> _WORK REQUEST_:
Count the lines in the data below holding the string "fixes" and write the total by itself.

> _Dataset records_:
lemma four_coef_translate:
  fixes f :: "real^'d \<Rightarrow> complex"
  assumes L: "L > 0" and q: "q \<in> dual_lattice L" and [measurable]: "f \<in> borel_measurable borel"
    and bounded: "\<And>x. norm (f x) \<le> C" and periodic: "lattice_periodic L f"
  shows "four_coef L (\<lambda>x. f (x - y)) q = four_char q y * four_coef L f q"
proof -
  define h where "h x = four_char q x * f x" for x
  have "h \<in> borel_measurable borel" unfolding h_def[abs_def] by measurable
  moreover have "norm (h x) \<le> C" for x unfolding h_def using bounded by (simp add: norm_mult)
  moreover have "lattice_periodic L h"
    using periodic lattice_periodic_four_char[OF _ q] L unfolding lattice_periodic_def h_def by simp
  ultimately have shift: "(LINT x : box_L L | lborel. h (x - y)) = (LINT x : box_L L | lborel. h x)"
    by (rule set_integral_box_translate[OF L])
  have "four_char q x * f (x - y) = four_char q y * h (x - y)" for x
    using four_char_add[of q "x - y" y] unfolding h_def by simp
  then have "four_coef L (\<lambda>x. f (x - y)) q = four_char q y * (LINT x : box_L L | lborel. h (x - y))"
    unfolding four_coef_eq_set_integral by simp
  also have "\<dots> = four_char q y * four_coef L f q"
    by (simp only: shift) (simp add: four_coef_eq_set_integral h_def)
  finally show ?thesis .
qed

section \<open>Level-set partitions\<close>

definition fibre :: "'a set \<Rightarrow> ('a \<Rightarrow> 'b) \<Rightarrow> 'b \<Rightarrow> 'a set" where
  "fibre J g \<gamma> = {j \<in> J. g j = \<gamma>}"

definition level_partition :: "'a set \<Rightarrow> ('a \<Rightarrow> 'b) \<Rightarrow> 'a set set" where
  "level_partition J g = fibre J g ` g ` J"

definition partition_block :: "'a set set \<Rightarrow> 'a \<Rightarrow> 'a set" where
  "partition_block A j = (THE a. a \<in> A \<and> j \<in> a)"

lemma partition_on_level_partition: "partition_on J (level_partition J g)"
  unfolding partition_on_def level_partition_def fibre_def disjoint_def by auto
lemma joinpaths3_end_stretch_left:
  assumes "0 < \<epsilon>" "\<epsilon> \<le> 1/2" "0 \<le> t" "t \<le> \<epsilon>"
  shows "((\<theta> +++ \<alpha>) +++ \<delta>) (end_stretch \<epsilon> t) \<in> path_image \<theta> \<union> \<alpha> ` {0..\<epsilon>}"
  using end_stretch_left[OF assms] assms
  by (auto simp: joinpaths3_apply path_image_def)

lemma joinpaths3_end_stretch_right:
  assumes "0 < \<epsilon>" "\<epsilon> \<le> 1/2" "1 - \<epsilon> \<le> t" "t \<le> 1"
  shows "((\<theta> +++ \<alpha>) +++ \<delta>) (end_stretch \<epsilon> t) \<in> \<alpha> ` {1-\<epsilon>..1} \<union> path_image \<delta>"
  using end_stretch_right[OF assms] assms
  by (auto simp: joinpaths3_apply path_image_def)

lemma joinpaths3_end_stretch_middle:
  assumes "\<epsilon> \<le> t" "t \<le> 1 - \<epsilon>" "0 < \<epsilon>"
  shows "((\<theta> +++ \<alpha>) +++ \<delta>) (end_stretch \<epsilon> t) = \<alpha> t"
proof -
  have e: "4 * end_stretch \<epsilon> t - 1 = t"
    using assms(1,2) by (rule end_stretch_middle)
  then have "\<not> end_stretch \<epsilon> t \<le> 1/4" "end_stretch \<epsilon> t \<le> 1/2"
    using assms by linarith+
  then show ?thesis
    unfolding joinpaths3_apply e by simp
qed
lemma green_eqI:
  assumes T: "T > 0" and a: "in_Omega a" and g: "ell2 g"
    and L: "\<And>z. massive_op T a g z = (if z = p then 1 else 0)"
  shows "green T a z p = g z"
proof -
  have "(THE u. ell2 u \<and> (\<forall>z. massive_op T a u z = (if z = p then 1 else 0))) = g"
  proof (rule the_equality)
    fix u assume u: "ell2 u \<and> (\<forall>z. massive_op T a u z = (if z = p then 1 else 0))"
    have "(\<lambda>z. u z - g z) z = 0" for z
    proof (rule massive_op_eq_zero_imp_zero[OF T a])
      show "ell2 (\<lambda>z. u z - g z)" using u g by (intro ell2_diff) auto
    qed (use u L in \<open>simp add: massive_op_diff\<close>)
    then show "u = g" by auto
  qed (use g L in auto)
  then show ?thesis unfolding green_def massive_op_def by simp
qed

section \<open>Existence of the Green's function\<close>

text \<open>Dividing \<open>massive_op T a\<close> by the bound \<open>1/T + 2d\<close> on its diagonal writes it as
  \<open>(1/T + 2d)(id - walk_op T a)\<close>, where \<open>walk_op T a\<close> is positive and loses mass: one step of a
  lazy random walk killed at rate \<open>1/T\<close>. The Green's function is the resulting Neumann series.\<close>

definition walk_op :: "real \<Rightarrow> (int^'n::finite \<Rightarrow> 'n \<Rightarrow> real) \<Rightarrow> (int^'n \<Rightarrow> real) \<Rightarrow> int^'n \<Rightarrow> real" where
  "walk_op T a u z = u z - massive_op T a u z / (1 / T + 2 * real CARD('n))"

primrec walk_iter :: "real \<Rightarrow> (int^'n::finite \<Rightarrow> 'n \<Rightarrow> real) \<Rightarrow> int^'n \<Rightarrow> nat \<Rightarrow> int^'n \<Rightarrow> real" where
  "walk_iter T a p 0 = (\<lambda>z. if z = p then 1 else 0)"
| "walk_iter T a p (Suc n) = walk_op T a (walk_iter T a p n)"

lemma walk_op_eq:
  fixes u :: "int^'n::finite \<Rightarrow> real"
  assumes T: "T > 0"
  shows "walk_op T a u z = (\<Sum>i\<in>UNIV. (2 - a (z - unitv i) i - a z i) * u z
      + a (z - unitv i) i * u (z - unitv i) + a z i * u (z + unitv i)) / (1 / T + 2 * real CARD('n))"
proof -
  define k where "k = 1 / T + 2 * real CARD('n)"
  have "k > 0" using T unfolding k_def by (simp add: add_pos_nonneg)
  then have "walk_op T a u z = (k * u z - massive_op T a u z) / k"
    unfolding walk_op_def k_def[symmetric] by (simp add: field_simps)
  also have "k * u z - massive_op T a u z = (\<Sum>i\<in>UNIV. (2 - a (z - unitv i) i - a z i) * u z
      + a (z - unitv i) i * u (z - unitv i) + a z i * u (z + unitv i))"
  proof -
    have "k * u z = u z / T + (\<Sum>i\<in>(UNIV::'n set). 2 * u z)"
      unfolding k_def by (simp add: algebra_simps)
    then have "k * u z - massive_op T a u z = (\<Sum>i\<in>UNIV. 2 * u z
        - (a (z - unitv i) i * grad u (z - unitv i) i - a z i * grad u z i))"
      by (simp add: massive_op_def divg_def sum_subtractf)
    also have "\<dots> = (\<Sum>i\<in>UNIV. (2 - a (z - unitv i) i - a z i) * u z
        + a (z - unitv i) i * u (z - unitv i) + a z i * u (z + unitv i))"
      by (rule sum.cong) (auto simp: grad_def algebra_simps)
    finally show ?thesis .
  qed
  finally show ?thesis unfolding k_def .
qed

lemma walk_op_nonneg:
  assumes T: "T > 0" and a: "in_Omega a" and u: "\<And>z. u z \<ge> 0"
  shows "walk_op T a u z \<ge> 0"
  unfolding walk_op_eq[OF T]
proof (intro divide_nonneg_pos sum_nonneg add_nonneg_nonneg mult_nonneg_nonneg)
  show "0 \<le> 2 - a (z - unitv i) i - a z i" for i
    using a[unfolded in_Omega_def, rule_format, of "z - unitv i" i]
      a[unfolded in_Omega_def, rule_format, of z i] by linarith
qed (use a u T in \<open>auto simp: in_Omega_def add_pos_nonneg\<close>)

lemma walk_op_sums:
  assumes T: "T > 0" and f: "\<And>w. (\<lambda>n. f n w) sums s w"
  shows "(\<lambda>n. walk_op T a (f n) z) sums walk_op T a s z"
  unfolding walk_op_eq[OF T] by (intro sums_divide sums_sum sums_add sums_mult f)

lemma has_sum_backward_difference:
  fixes F :: "'a::ab_group_add \<Rightarrow> 'b::{topological_ab_group_add,t2_space}"
  assumes "F summable_on UNIV"
  shows "((\<lambda>z. F (z - c) - F z) has_sum 0) UNIV"
proof -
  have "((\<lambda>z. F (z + c - c)) has_sum infsum F UNIV) UNIV" using assms by simp
  then have "((\<lambda>z. F (z - c)) has_sum infsum F UNIV) UNIV"
    by (rule has_sum_translate[THEN iffD1])
  from has_sum_diff[OF this has_sum_infsum[OF assms]] show ?thesis by simp
qed

lemma has_sum_massive_op:
  assumes a: "in_Omega a" and u0: "\<And>z. u z \<ge> 0" and u: "u summable_on UNIV"
  shows "(massive_op T a u has_sum (infsum u UNIV / T)) UNIV"
proof -
  have flux: "(\<lambda>z. a z i * grad u z i) summable_on UNIV" for i
  proof -
    have "(\<lambda>z. a z i * u (z + unitv i)) summable_on UNIV"
      by (rule summable_on_comparison_test[of "\<lambda>z. u (z + unitv i)"])
         (use a u0 u in \<open>auto simp: summable_on_translate in_Omega_def intro: mult_left_le_one_le\<close>)
    moreover have "(\<lambda>z. a z i * u z) summable_on UNIV"
      by (rule summable_on_comparison_test[of u])
         (use a u0 u in \<open>auto simp: in_Omega_def intro: mult_left_le_one_le\<close>)
    ultimately have "(\<lambda>z. a z i * u (z + unitv i) - a z i * u z) summable_on UNIV"
      by (rule summable_on_diff)
    then show ?thesis by (simp add: grad_def algebra_simps)
  qed
  then have "((\<lambda>z. a (z - unitv i) i * grad u (z - unitv i) i - a z i * grad u z i) has_sum 0) UNIV" for i
    by (rule has_sum_backward_difference)
  then have "((\<lambda>z. \<Sum>i\<in>UNIV. a (z - unitv i) i * grad u (z - unitv i) i - a z i * grad u z i)
      has_sum (\<Sum>i\<in>(UNIV::'n set). 0)) UNIV"
    using has_sum_sum[where I = UNIV and A = UNIV and s = "\<lambda>_. 0"
        and f = "\<lambda>i z. a (z - unitv i) i * grad u (z - unitv i) i - a z i * grad u z i"] by simp
  then have "(divg (\<lambda>w i. a w i * grad u w i) has_sum 0) UNIV"
    by (simp add: divg_def[abs_def])
  then have "((\<lambda>z. u z * (1 / T) + divg (\<lambda>w i. a w i * grad u w i) z) has_sum (infsum u UNIV * (1 / T) + 0)) UNIV"
    using u by (intro has_sum_add has_sum_cmult_left) simp_all
  then show ?thesis by (simp add: massive_op_def[abs_def])
qed
definition metric_on :: "('a \<Rightarrow> 'a \<Rightarrow> real) \<Rightarrow> bool" where
  "metric_on d \<longleftrightarrow> (\<forall>x y. 0 \<le> d x y) \<and> (\<forall>x y. d x y = 0 \<longleftrightarrow> x = y) \<and>
     (\<forall>x y. d x y = d y x) \<and> (\<forall>x y z. d x z \<le> d x y + d y z)"

definition metric_vector_space ::
  "('k::real_normed_field \<Rightarrow> 'a::ab_group_add \<Rightarrow> 'a) \<Rightarrow> ('a \<Rightarrow> 'a \<Rightarrow> real) \<Rightarrow> bool" where
  "metric_vector_space s d \<longleftrightarrow> vector_space s \<and> metric_on d \<and>
     (\<forall>x y e. e > 0 \<longrightarrow> (\<exists>\<delta>>0. \<forall>x' y'. d x' x < \<delta> \<and> d y' y < \<delta> \<longrightarrow> d (x' + y') (x + y) < e)) \<and>
     (\<forall>a x e. e > 0 \<longrightarrow> (\<exists>\<delta>>0. \<forall>a' x'. norm (a' - a) < \<delta> \<and> d x' x < \<delta> \<longrightarrow> d (s a' x') (s a x) < e))"

definition translation_invariant :: "('a::ab_group_add \<Rightarrow> 'a \<Rightarrow> real) \<Rightarrow> bool" where
  "translation_invariant d \<longleftrightarrow> (\<forall>x y z. d (x + z) (y + z) = d x y)"

definition scale_bounded :: "('k \<Rightarrow> 'a::zero \<Rightarrow> 'a) \<Rightarrow> ('a \<Rightarrow> 'a \<Rightarrow> real) \<Rightarrow> bool" where
  "scale_bounded s d \<longleftrightarrow> (\<forall>\<alpha>. \<exists>C>0. \<forall>x. d (s \<alpha> x) 0 \<le> C * d x 0)"

definition mcont_at :: "('a \<Rightarrow> 'a \<Rightarrow> real) \<Rightarrow> ('b \<Rightarrow> 'b \<Rightarrow> real) \<Rightarrow> ('a \<Rightarrow> 'b) \<Rightarrow> 'a \<Rightarrow> bool" where
  "mcont_at dX dY f x \<longleftrightarrow> (\<forall>e>0. \<exists>\<delta>>0. \<forall>y. dX y x < \<delta> \<longrightarrow> dY (f y) (f x) < e)"

definition mcont :: "('a \<Rightarrow> 'a \<Rightarrow> real) \<Rightarrow> ('b \<Rightarrow> 'b \<Rightarrow> real) \<Rightarrow> ('a \<Rightarrow> 'b) \<Rightarrow> bool" where
  "mcont dX dY f \<longleftrightarrow> (\<forall>x. mcont_at dX dY f x)"

definition map_dist ::
  "('a::zero \<Rightarrow> 'a \<Rightarrow> real) \<Rightarrow> ('b \<Rightarrow> 'b \<Rightarrow> real) \<Rightarrow> ('a \<Rightarrow> 'b) \<Rightarrow> ('a \<Rightarrow> 'b) \<Rightarrow> ereal" where
  "map_dist dX dY F1 F2 =
     max (SUP x\<in>{x. x \<noteq> 0}. ereal (dY (F1 x) (F2 x) / dX x 0)) (ereal (dY (F1 0) (F2 0)))"

definition Bd :: "('a::zero \<Rightarrow> 'a \<Rightarrow> real) \<Rightarrow> ('b::zero \<Rightarrow> 'b \<Rightarrow> real) \<Rightarrow> ('a \<Rightarrow> 'b) set" where
  "Bd dX dY = {F. map_dist dX dY F (\<lambda>_. 0) < \<infinity>}"

definition norm_on :: "('k::real_normed_field \<Rightarrow> 'b::ab_group_add \<Rightarrow> 'b) \<Rightarrow> ('b \<Rightarrow> real) \<Rightarrow> bool" where
  "norm_on s n \<longleftrightarrow> (\<forall>y. 0 \<le> n y) \<and> (\<forall>y. n y = 0 \<longleftrightarrow> y = 0) \<and>
     (\<forall>y z. n (y + z) \<le> n y + n z) \<and> (\<forall>a y. n (s a y) = norm a * n y)"

end
(* Let $p$ be a prime, $e\ge1$, and $G$ a finite abelian group of order $p^e$. Let $\psi^p\colon\mathbf{Z}[G]\to\mathbf{Z}[G]$ be the ring homomorphism with $\psi^p(g)=g^p$, and let $h(t)=\frac{1}{1-t}\left(p-\frac{1-t^p}{1-t}\right)$, a polynomial of degree $p-2$. Then $$\psi^p(b_1)=b_1+\sum_{\tau\neq1,\ \psi\tau=1}h(y_\tau)\,b_\tau,$$ where the sum runs over one representative $\tau$ of each equivalence class of nontrivial representations with $\psi\tau=1$.
   Context: A representation is a group homomorphism $\tau\colon G\to\mathbf{C}^*$; two representations are equivalent if they have the same kernel. $\psi\tau$ is the representation $x\mapsto\tau(x^p)$, and $1$ denotes the trivial representation. Write $\omega=\exp(2\pi i/p)$. For $\tau$ nontrivial, $b_\tau=\sum_{x\in G,\ \tau(x)=1}x-\sum_{\xi\in G,\ \tau(\xi)=\omega}\xi$ and $y_\tau\in G$ is a fixed element with $\tau(y_\tau)=\omega$; $b_1=\sum_{x\in G}x$. *)

theory Defs
  imports Complex_Main "HOL-Algebra.Group" "HOL-Computational_Algebra.Polynomial"
begin

(* Elements of the integral group ring Z[G] of a finite group G are represented as
   functions 'a => int (coefficient of each group element), vanishing off carrier G. *)

definition gr_basis :: "('a, 'b) monoid_scheme \<Rightarrow> 'a \<Rightarrow> ('a \<Rightarrow> int)" where
  "gr_basis G g = (\<lambda>z. if z = g \<and> g \<in> carrier G then 1 else 0)"

definition gr_add :: "('a \<Rightarrow> int) \<Rightarrow> ('a \<Rightarrow> int) \<Rightarrow> ('a \<Rightarrow> int)" where
  "gr_add f h = (\<lambda>z. f z + h z)"

definition gr_mult :: "('a, 'b) monoid_scheme \<Rightarrow> ('a \<Rightarrow> int) \<Rightarrow> ('a \<Rightarrow> int) \<Rightarrow> ('a \<Rightarrow> int)" where
  "gr_mult G f h = (\<lambda>z. if z \<in> carrier G
      then (\<Sum>x\<in>carrier G. f x * h (z \<otimes>\<^bsub>G\<^esub> inv\<^bsub>G\<^esub> x)) else 0)"

definition gr_sum :: "('i \<Rightarrow> ('a \<Rightarrow> int)) \<Rightarrow> 'i set \<Rightarrow> ('a \<Rightarrow> int)" where
  "gr_sum F I = (\<lambda>z. \<Sum>i\<in>I. F i z)"

definition psi_gr :: "('a, 'b) monoid_scheme \<Rightarrow> nat \<Rightarrow> ('a \<Rightarrow> int) \<Rightarrow> ('a \<Rightarrow> int)" where
  "psi_gr G p f = (\<lambda>z. \<Sum>x\<in>carrier G. if x [^]\<^bsub>G\<^esub> p = z then f x else 0)"

definition gr_poly_eval :: "('a, 'b) monoid_scheme \<Rightarrow> int poly \<Rightarrow> 'a \<Rightarrow> ('a \<Rightarrow> int)" where
  "gr_poly_eval G q y =
     (\<lambda>z. \<Sum>i\<le>degree q. coeff q i * gr_basis G (y [^]\<^bsub>G\<^esub> i) z)"

(* h(t) = (1/(1-t)) (p - (1-t^p)/(1-t)), computed by exact division in Z[t] *)
definition h_poly :: "nat \<Rightarrow> int poly" where
  "h_poly p = ([:int p:] - ([:1:] - monom 1 p) div [:1, -1:]) div [:1, -1:]"

definition is_rep :: "('a, 'b) monoid_scheme \<Rightarrow> ('a \<Rightarrow> complex) \<Rightarrow> bool" where
  "is_rep G \<tau> \<longleftrightarrow> (\<forall>x\<in>carrier G. \<tau> x \<noteq> 0) \<and>
     (\<forall>x\<in>carrier G. \<forall>y\<in>carrier G. \<tau> (x \<otimes>\<^bsub>G\<^esub> y) = \<tau> x * \<tau> y)"

definition rep_trivial :: "('a, 'b) monoid_scheme \<Rightarrow> ('a \<Rightarrow> complex) \<Rightarrow> bool" where
  "rep_trivial G \<tau> \<longleftrightarrow> (\<forall>x\<in>carrier G. \<tau> x = 1)"

definition psi_rep :: "('a, 'b) monoid_scheme \<Rightarrow> nat \<Rightarrow> ('a \<Rightarrow> complex) \<Rightarrow> ('a \<Rightarrow> complex)" where
  "psi_rep G p \<tau> = (\<lambda>x. \<tau> (x [^]\<^bsub>G\<^esub> p))"

definition rep_kernel :: "('a, 'b) monoid_scheme \<Rightarrow> ('a \<Rightarrow> complex) \<Rightarrow> 'a set" where
  "rep_kernel G \<tau> = {x \<in> carrier G. \<tau> x = 1}"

> _OUTPUT OF THE TASK_:
3